Китс, достигший совершенства в литературе, однако, был Китсом Аполлона — Аполлона и Афродиты. Его оды, написанные гением, впервые взволнованным до глубины души его страстью к Фанни Брон — он, кажется, не был подвержен любви, как большинство поэтов, в юности — были лишь совершенным выражением того идолопоклонства, которое заикалось в «Эндимионе». Китс в своих шедеврах все еще Принц, пробивающийся сквозь лес к видению Спящей Красавицы. Он еще не коснулся ее, чтобы оживить. Он почти предпочитает оставаться зрителем, а не пробудителем. Он любит саму картину больше, чем реальность, хотя все время догадывается о реальности позади. Вот почему, возможно, люди не идут к Китсу за исцелением, как идут к Вордсворту, или за надеждой, как идут к Шелли. Китс обогащает жизнь скорее чувством вечно ускользающей прелести и мечтой о том, чем могла бы быть жизнь, если бы эта прелесть осталась. Сожаление значит для него больше, чем надежда:
Who are these coming to the sacrifice?
To what green altar, O mysterious priest,
Lead’st thou that heifer lowing at the skies,
And all her silken flanks with garlands drest?
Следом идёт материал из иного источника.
lemma KKT_point_imp_pure_NE:
  assumes d: "\<forall>j\<in>{1..n}. d j > 0" and r: "rmin < rmax"
    and kkt: "KKT_point m n c d rmax rmin x mu mu2"
  shows "pure_NE m n c d rmax rmin x"
proof -
  have "utility m n d rmax rmin (x(i := t)) i \<le> utility m n d rmax rmin x i"
    if i: "i \<in> {1..m}" and t: "strategy_of n c i t" for i t
  proof -
    have "0 \<le> (rmax - rmin) * (\<Sum>j=1..n. (t j - x i j)^2 / d j)"
      using r d by (intro mult_nonneg_nonneg sum_nonneg) (simp_all add: less_imp_le)
    then show ?thesis
      using utility_update_expansion[OF i, of n d rmax rmin x t] d
        KKT_variational_inequality[OF kkt i t] by force
  qed
  then show ?thesis unfolding pure_NE_def using KKT_point_profile[OF kkt] by blast
qed

lemma pure_NE_marginal_bound:
  assumes d: "\<forall>j\<in>{1..n}. d j \<noteq> 0"
    and NE: "pure_NE m n c d rmax rmin s" and i: "i \<in> {1..m}" and t: "strategy_of n c i t"
  shows "(\<Sum>j=1..n. marginal_utility m d rmax rmin s i j * (t j - s i j))
    \<le> (rmax - rmin) / 2 * (\<Sum>j=1..n. (t j - s i j)^2 / d j)"
proof -
  \<comment> \<open>Deviating only halfway to \<open>t\<close> makes the quadratic term small enough without a limit argument.\<close>
  define h where "h j = (s i j + t j) / 2" for j
  have "strategy_of n c i (s i)" using NE i unfolding pure_NE_def profile_def by blast
  then have "strategy_of n c i h" unfolding h_def using t by (rule strategy_of_midpoint)
  then have no_gain: "utility m n d rmax rmin (s(i := h)) i \<le> utility m n d rmax rmin s i"
    using NE i unfolding pure_NE_def by blast
  have half: "h j - s i j = (t j - s i j) / 2" for j
    unfolding h_def by (simp add: field_simps)
  then have "(\<Sum>j=1..n. marginal_utility m d rmax rmin s i j * (h j - s i j))
      = (\<Sum>j=1..n. marginal_utility m d rmax rmin s i j * (t j - s i j)) / 2"
    and "(\<Sum>j=1..n. (h j - s i j)^2 / d j) = (\<Sum>j=1..n. (t j - s i j)^2 / d j) / 4"
    by (simp_all only: half sum_divide_distrib power_divide times_divide_eq_right) (simp add: mult.commute)
  then have "utility m n d rmax rmin (s(i := h)) i - utility m n d rmax rmin s i
      = (\<Sum>j=1..n. marginal_utility m d rmax rmin s i j * (t j - s i j)) / 2
        - (rmax - rmin) * ((\<Sum>j=1..n. (t j - s i j)^2 / d j) / 4)"
    by (simp only: utility_update_expansion[OF i d])
  with no_gain have "(\<Sum>j=1..n. marginal_utility m d rmax rmin s i j * (t j - s i j)) / 2
      - (rmax - rmin) * ((\<Sum>j=1..n. (t j - s i j)^2 / d j) / 4) \<le> 0"
    by linarith
  then show ?thesis by (simp add: field_simps)
qed
theorem proposition4p1:
  fixes f :: "real^'n^'m \<Rightarrow> real"
    and gradf :: "real^'n^'m \<Rightarrow> real^'n^'m"
    and A :: "nat \<Rightarrow> real^'n^'m" and b :: "nat \<Rightarrow> real" and l :: nat
    and r :: nat and X :: "real^'n^'m" and y :: "nat \<Rightarrow> real" and \<alpha> :: real
  assumes dims: "r < CARD('n)" "CARD('n) \<le> CARD('m)"
    and f_grad: "\<And>Z. (f has_derivative (\<lambda>H. gradf Z \<bullet> H)) (at Z)"
    and f_C1: "continuous_on UNIV gradf"
    and X_feas: "X \<in> affine_feas l A b \<inter> low_rank r"
    and alpha_pos: "\<alpha> > 0"
  shows "let G = gradf X + (\<Sum>i<l. y i *\<^sub>R A i);
             s = rank X;
             \<beta> = (if G \<noteq> 0 then ereal (sing_val r X / spec_norm G) else \<infinity>);
             Fstat = (- G \<in> frechet_normal (low_rank r) X);
             astat = (X \<in> proj_set (low_rank r) (X - \<alpha> *\<^sub>R G))
         in (astat \<longrightarrow> Fstat)
          \<and> (s = r \<and> ereal \<alpha> \<le> \<beta> \<longrightarrow> (Fstat \<longrightarrow> astat))
          \<and> (s < r \<longrightarrow> (Fstat \<longrightarrow> astat))"
proof -
  define G where "G = gradf X + (\<Sum>i<l. y i *\<^sub>R A i)"
  let ?Fstat = "- G \<in> frechet_normal (low_rank r) X"
  let ?astat = "X \<in> proj_set (low_rank r) (X - \<alpha> *\<^sub>R G)"
  have X: "X \<in> low_rank r" "rank X \<le> r" using X_feas by (auto simp: low_rank_def)
  have G0: ?astat if "G = 0"
    using proj_set_self[OF X(1)] that by simp
  have i: "?astat \<longrightarrow> ?Fstat"
    using proj_set_imp_frechet_normal alpha_pos by blast
  \<comment> \<open>(ii) holds without the hypothesis \<open>s = r\<close>\<close>
  have ii: "ereal \<alpha> \<le> (if G \<noteq> 0 then ereal (sing_val r X / spec_norm G) else \<infinity>) \<longrightarrow> ?Fstat \<longrightarrow> ?astat"
  proof (intro impI)
    assume \<beta>: "ereal \<alpha> \<le> (if G \<noteq> 0 then ereal (sing_val r X / spec_norm G) else \<infinity>)" and ?Fstat
    show ?astat
    proof (cases "G = 0")
      case False
      then have "\<alpha> * spec_norm G \<le> sing_val r X"
        using \<beta> spec_norm_pos[of G] by (simp add: pos_le_divide_eq)
      then show ?thesis
        using frechet_normal_imp_proj_set_low_rank[OF \<open>?Fstat\<close> X(2) dims False alpha_pos] by blast
    qed (rule G0)
  qed
  have iii: "rank X < r \<longrightarrow> ?Fstat \<longrightarrow> ?astat"
    using low_rank_frechet_normal_rank_deficient G0 by blast
  show ?thesis
    unfolding Let_def G_def[symmetric] using i ii iii by blast
qed

end
(* For $0<p<q<1$, \[ (1-q)\,d(p,q)\le d_{\mathrm{Pois}}(p,q)\le d(p,q). \]
   Context: $d(p,q)=p\log(p/q)+(1-p)\log((1-p)/(1-q))$ is the Bernoulli Kullback–Leibler divergence and $d_{\mathrm{Pois}}(p,q)=p\log(p/q)+q-p$ the Poisson Kullback–Leibler divergence. *)

theory Defs
  imports Complex_Main
begin

definition kl_bern :: "real \<Rightarrow> real \<Rightarrow> real" where
  "kl_bern p q = p * ln (p / q) + (1 - p) * ln ((1 - p) / (1 - q))"

definition kl_pois :: "real \<Rightarrow> real \<Rightarrow> real" where
  "kl_pois p q = p * ln (p / q) + q - p"

end

theory Submission
  imports Defs
begin

text \<open>The upper bound is \<open>ln t \<le> t - 1\<close> applied to \<open>(1 - q) / (1 - p)\<close>. For the lower bound,
  the gap \<open>kl_pois x q - (1 - q) * kl_bern x q\<close> has derivative \<open>- kl_bern q x \<le> 0\<close> in \<open>x\<close>
  and vanishes at \<open>x = q\<close>, so it is nonnegative for \<open>x \<le> q\<close>.\<close>

lemma kl_pois_le_kl_bern:
  fixes p q :: real
  assumes "p < 1" and "q < 1"
  shows "kl_pois p q \<le> kl_bern p q"
proof -
  have "(1 - p) * ln ((1 - q) / (1 - p)) \<le> (1 - p) * ((1 - q) / (1 - p) - 1)"
    using assms by (intro mult_left_mono ln_le_minus_one) auto
  also have "\<dots> = p - q"
    using assms by (simp add: field_simps)
  finally show ?thesis
    using assms by (simp add: kl_bern_def kl_pois_def ln_div right_diff_distrib)
qed

lemma kl_bern_nonneg:
  fixes p q :: real
  assumes "0 < p" "p < 1" "0 < q" "q < 1"
  shows "0 \<le> kl_bern p q"
proof -
  have "p * ln (q / p) \<le> p * (q / p - 1)"
    using assms by (intro mult_left_mono ln_le_minus_one) auto
  moreover have "(1 - p) * ln ((1 - q) / (1 - p)) \<le> (1 - p) * ((1 - q) / (1 - p) - 1)"
    using assms by (intro mult_left_mono ln_le_minus_one) auto
  moreover have "p * (q / p - 1) + (1 - p) * ((1 - q) / (1 - p) - 1) = 0"
    using assms by (simp add: field_simps)
  ultimately show ?thesis
    using assms by (simp add: kl_bern_def ln_div right_diff_distrib)
qed

lemma kl_pois_minus_scaled_kl_bern_derivative:
  fixes q x :: real
  assumes "0 < x" "x < 1" "0 < q" "q < 1"
  shows "((\<lambda>x. kl_pois x q - (1 - q) * kl_bern x q) has_real_derivative - kl_bern q x) (at x)"
  unfolding kl_pois_def kl_bern_def using assms
  by (auto intro!: derivative_eq_intros) (simp_all add: ln_div field_simps)

lemma scaled_kl_bern_le_kl_pois:
  fixes p q :: real
  assumes "0 < p" "p \<le> q" "q < 1"
  shows "(1 - q) * kl_bern p q \<le> kl_pois p q"
proof -
  define g where "g x = kl_pois x q - (1 - q) * kl_bern x q" for x
  have g_deriv: "(g has_real_derivative - kl_bern q x) (at x)" if "p \<le> x" "x \<le> q" for x
    unfolding g_def using that assms
    by (intro kl_pois_minus_scaled_kl_bern_derivative) auto
  have "g q \<le> g p"
  proof (rule DERIV_nonpos_imp_decreasing_open[OF \<open>p \<le> q\<close>])
    fix x assume "p < x" "x < q"
    with assms have "(g has_real_derivative - kl_bern q x) (at x)" "0 \<le> kl_bern q x"
      by (auto intro: g_deriv kl_bern_nonneg)
    then show "\<exists>y. (g has_real_derivative y) (at x) \<and> y \<le> 0"
      by auto
  next
    show "continuous_on {p..q} g"
      using g_deriv by (intro continuous_at_imp_continuous_on ballI DERIV_isCont) auto
  qed
  moreover have "g q = 0"
    by (simp add: g_def kl_pois_def kl_bern_def)
  ultimately show ?thesis
    by (simp add: g_def)
qed

theorem lemma8:
  fixes p q :: real
  assumes "0 < p" and "p < q" and "q < 1"
  shows "(1 - q) * kl_bern p q \<le> kl_pois p q \<and> kl_pois p q \<le> kl_bern p q"
  using assms scaled_kl_bern_le_kl_pois kl_pois_le_kl_bern by auto

end
lemma potential_step:
  "potential (Suc k) \<le> potential k + (real k + 1) * (real k + 2) / 2 * (\<delta> k)\<^sup>2
                        + \<delta> k * ((real k + 1) * norm (F (z k)))"
proof -
  define n where "n = real k + 1"
  have rec: "(n + 1) *\<^sub>R (z (Suc k) - z k) = - (z k - z 0) - n *\<^sub>R (F (z k) + e k)"
    using scaled_step[of k] by (simp add: n_def add.commute add.left_commute)
  have "(norm (e k))\<^sup>2 \<le> (\<delta> k)\<^sup>2"
    using err[of k] by (simp add: power_mono)
  then have err_sq: "n * (n + 1) / 2 * (norm (e k))\<^sup>2 \<le> (real k + 1) * (real k + 2) / 2 * (\<delta> k)\<^sup>2"
    by (simp add: n_def mult_left_mono add.commute add.left_commute)
  have "- inner (F (z k)) (e k) \<le> norm (F (z k)) * norm (e k)"
    using norm_cauchy_schwarz[of "F (z k)" "- e k"] by simp
  also have "\<dots> \<le> norm (F (z k)) * \<delta> k"
    using err[of k] by (simp add: mult_left_mono)
  finally have "n * (- inner (F (z k)) (e k)) \<le> n * (norm (F (z k)) * \<delta> k)"
    by (rule mult_left_mono) (simp add: n_def)
  then have err_inner: "- (n * inner (F (z k)) (e k)) \<le> \<delta> k * ((real k + 1) * norm (F (z k)))"
    by (simp add: n_def algebra_simps)
  have "potential (Suc k) = n * (n + 1) / 2 * (norm (F (z (Suc k))))\<^sup>2
          + (n + 1) * inner (F (z (Suc k))) ((z k - z 0) + (z (Suc k) - z k))"
    by (simp add: potential_def n_def algebra_simps)
  also have "\<dots> \<le> (n - 1) * n / 2 * (norm (F (z k)))\<^sup>2 + n * inner (F (z k)) (z k - z 0)
                  + n * (n + 1) / 2 * (norm (e k))\<^sup>2 - n * inner (F (z k)) (e k)"
    by (rule halpern_potential_decrease[OF _ rec firmly_nonexpansive]) (simp add: n_def)
  also have "(n - 1) * n / 2 * (norm (F (z k)))\<^sup>2 + n * inner (F (z k)) (z k - z 0) = potential k"
    by (simp add: potential_def n_def)
  finally show ?thesis
    using err_sq err_inner by linarith
qed

lemma potential_le_sum:
  "potential k \<le> (\<Sum>j<k. (real j + 1) * (real j + 2) / 2 * (\<delta> j)\<^sup>2
                          + \<delta> j * ((real j + 1) * norm (F (z j))))"
proof (induction k)
  case 0
  then show ?case by (simp add: potential_def)
next
  case (Suc k)
  then show ?case using potential_step[of k] by simp
qed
What little town by river or sea-shore,
Or mountain-built with peaceful citadel,
Is emptied of its folk, this pious morn?
And, little town, thy streets for evermore
Will silent be; and not a soul to tell
Why thou art desolate, can e’er return.
Мир в своей самой прекрасной форме для Китса — это серия растворяющихся картин, «прекрасных поз», которые только художник может сделать бессмертными. Его праздность — это праздность человека, находящегося под чарами прекрасных форм. Его энергия — это энергия человека, который хотел бы испить всю чашу поклонения в прекрасной фразе. Его эстетическое отношение к жизни — столь же эстетическое в своем роде, как у раннего Патера — проявляется в том письме, в котором он пишет:
Я хожу среди полей и ловлю проблеск горностая или полевой мыши, выглядывающей из засохшей травы — у существа есть цель, и его глаза светятся ею. Я хожу среди зданий города и вижу человека, спешащего куда-то — к чему? У существа есть цель, и его глаза светятся ею.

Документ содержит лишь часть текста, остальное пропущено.